▸ **How to complete this task**
Up to and including the line containing "j < plen l1", retype each line of the listing below exactly, beginning with the first.

▸ **Source material**
|---|

text \<open>Edges (as ordered pairs; the graph is undirected).\<close>
definition theta_edges :: "nat \<Rightarrow> nat \<Rightarrow> nat \<Rightarrow> (tvert \<times> tvert) set" where
  "theta_edges l1 l2 l3 = {(tnode l1 l2 l3 i j, tnode l1 l2 l3 i (j+1)) | i j.
       i \<in> {1,2,3} \<and> j < plen l1 l2 l3 i}"

definition num_list_col :: "'v set \<Rightarrow> ('v \<times> 'v) set \<Rightarrow> ('v \<Rightarrow> nat set) \<Rightarrow> nat" where
  "num_list_col Vs E L = card {f \<in> Pi\<^sub>E Vs L. \<forall>(x, y) \<in> E. f x \<noteq> f y}"

definition num_col :: "'v set \<Rightarrow> ('v \<times> 'v) set \<Rightarrow> nat \<Rightarrow> nat" where
  "num_col Vs E m = num_list_col Vs E (\<lambda>_. {1..m})"

end

theory Submission
  imports Defs
begin

text \<open>
  Fix the colours \<alpha> of u and \<beta> of v. The middle vertices x, y of the two paths of length 2
  then have |L(x) - {\<alpha>, \<beta>}| and |L(y) - {\<alpha>, \<beta>}| choices, and the interior of the long path
  has at least path_min (2k) choices: for lists of size 3 this lower bound propagates along the
  path, and it is attained by 3-colourings with distinct end colours (equal end colours give one
  more). Hence P(G,3) = 18 path_min (2k) + 12. On the other hand a double count shows that the
  sum over \<alpha>, \<beta> of |L(x) - {\<alpha>, \<beta>}| |L(y) - {\<alpha>, \<beta>}| is at least 21 when L(u) \<noteq> L(v), so
  P(G,L) \<ge> 21 path_min (2k), and path_min (2k) \<ge> 5 for k \<ge> 2.
\<close>

lemma card_PiE_insert_filter:
  assumes "x \<notin> V" "finite V" "\<forall>v\<in>insert x V. finite (L v)"
  shows "card {f \<in> PiE (insert x V) L. P f} = (\<Sum>c\<in>L x. card {g \<in> PiE V L. P (g(x := c))})"
proof -
  let ?upd = "\<lambda>(c, g). g(x := c)"
  let ?S = "SIGMA c:L x. {g \<in> PiE V L. P (g(x := c))}"
  have "{f \<in> PiE (insert x V) L. P f} = ?upd ` ?S"
    unfolding PiE_insert_eq by auto
  moreover have "inj_on ?upd ?S"
    by (rule inj_on_subset[OF inj_combinator[OF assms(1)]]) auto
  moreover have "finite (PiE V L)"
    using assms by (simp add: finite_PiE)
  ultimately show ?thesis
    using assms(3) by (simp add: card_image)
qed

lemma sum_sum_if_both_notin:
  fixes c :: nat
  assumes "finite X" "finite Y"
  shows "(\<Sum>x\<in>X. \<Sum>y\<in>Y. if x \<notin> S \<and> y \<notin> S then c else 0) = card (X - S) * card (Y - S) * c"
proof -
  have "(\<Sum>x\<in>X. \<Sum>y\<in>Y. if x \<notin> S \<and> y \<notin> S then c else 0)
      = (\<Sum>x\<in>X. if x \<notin> S then (\<Sum>y\<in>Y. if y \<notin> S then c else 0) else 0)"
    by (intro sum.cong) auto
  also have "\<dots> = (\<Sum>x\<in>X - S. \<Sum>y\<in>Y - S. c)"
    using assms by (simp add: sum.inter_filter[symmetric] set_diff_eq)
  finally show ?thesis by simp
qed

lemma two_le_card_Diff_singleton:
  assumes "card A = 3" shows "2 \<le> card (A - {c})"
  using diff_card_le_card_Diff[of "{c}" A] assms by simp

lemma one_le_card_Diff_pair: "card X = 3 \<Longrightarrow> 1 \<le> card (X - {a, b})"
  using diff_card_le_card_Diff[of "{a, b}" X] card_insert_le_m1[of 2 "{b}" a] by simp

lemma add_le_mult_plus_1:
  fixes p q :: nat
  assumes "1 \<le> p" "1 \<le> q"
  shows "p + q \<le> p * q + 1"
proof -
  obtain p' q' where "p = p' + 1" "q = q' + 1"
    using assms by (metis le_add_diff_inverse2)
  then show ?thesis by (simp add: algebra_simps)
qed

lemma add_le_mult:
  fixes p q :: nat
  assumes "2 \<le> p" "2 \<le> q"
  shows "p + q \<le> p * q"
proof -
  obtain p' q' where "p = p' + 2" "q = q' + 2"
    using assms by (metis le_add_diff_inverse2)
  then show ?thesis by (simp add: algebra_simps)
qed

|---|

▸ **Response to this task**
text \<open>Edges (as ordered pairs; the graph is undirected).\<close>
definition theta_edges :: "nat \<Rightarrow> nat \<Rightarrow> nat \<Rightarrow> (tvert \<times> tvert) set" where
  "theta_edges l1 l2 l3 = {(tnode l1 l2 l3 i j, tnode l1 l2 l3 i (j+1)) | i j.
       i \<in> {1,2,3} \<and> j < plen l1 l2 l3 i}"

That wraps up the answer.